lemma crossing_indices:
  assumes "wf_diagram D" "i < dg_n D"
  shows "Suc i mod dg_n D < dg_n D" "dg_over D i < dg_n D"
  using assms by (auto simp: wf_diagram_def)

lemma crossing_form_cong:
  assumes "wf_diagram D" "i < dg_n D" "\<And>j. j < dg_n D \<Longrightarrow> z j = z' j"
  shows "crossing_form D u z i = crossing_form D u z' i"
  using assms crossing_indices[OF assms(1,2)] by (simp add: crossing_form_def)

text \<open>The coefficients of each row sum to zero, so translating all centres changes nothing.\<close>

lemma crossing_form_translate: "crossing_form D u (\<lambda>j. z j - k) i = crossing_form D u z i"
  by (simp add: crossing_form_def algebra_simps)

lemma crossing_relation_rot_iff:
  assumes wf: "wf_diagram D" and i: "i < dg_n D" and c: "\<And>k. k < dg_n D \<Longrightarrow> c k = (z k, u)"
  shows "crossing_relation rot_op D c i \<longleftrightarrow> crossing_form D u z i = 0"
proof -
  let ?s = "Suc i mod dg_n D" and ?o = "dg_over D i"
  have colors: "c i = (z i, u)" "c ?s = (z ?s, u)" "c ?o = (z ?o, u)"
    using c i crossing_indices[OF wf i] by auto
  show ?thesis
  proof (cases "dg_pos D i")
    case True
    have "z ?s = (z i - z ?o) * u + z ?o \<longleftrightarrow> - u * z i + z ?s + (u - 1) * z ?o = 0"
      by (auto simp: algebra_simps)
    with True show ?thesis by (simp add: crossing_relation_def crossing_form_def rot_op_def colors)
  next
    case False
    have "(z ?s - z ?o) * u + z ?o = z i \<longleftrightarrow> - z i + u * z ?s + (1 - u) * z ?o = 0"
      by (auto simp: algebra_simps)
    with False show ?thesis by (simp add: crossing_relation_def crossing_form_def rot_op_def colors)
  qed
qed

*****

> **Aim of the task**:
Scan the records for the word "True", and copy each line where it is found.

> **Answer space**:
    case True
    with True show ?thesis by (simp add: crossing_relation_def crossing_form_def rot_op_def colors)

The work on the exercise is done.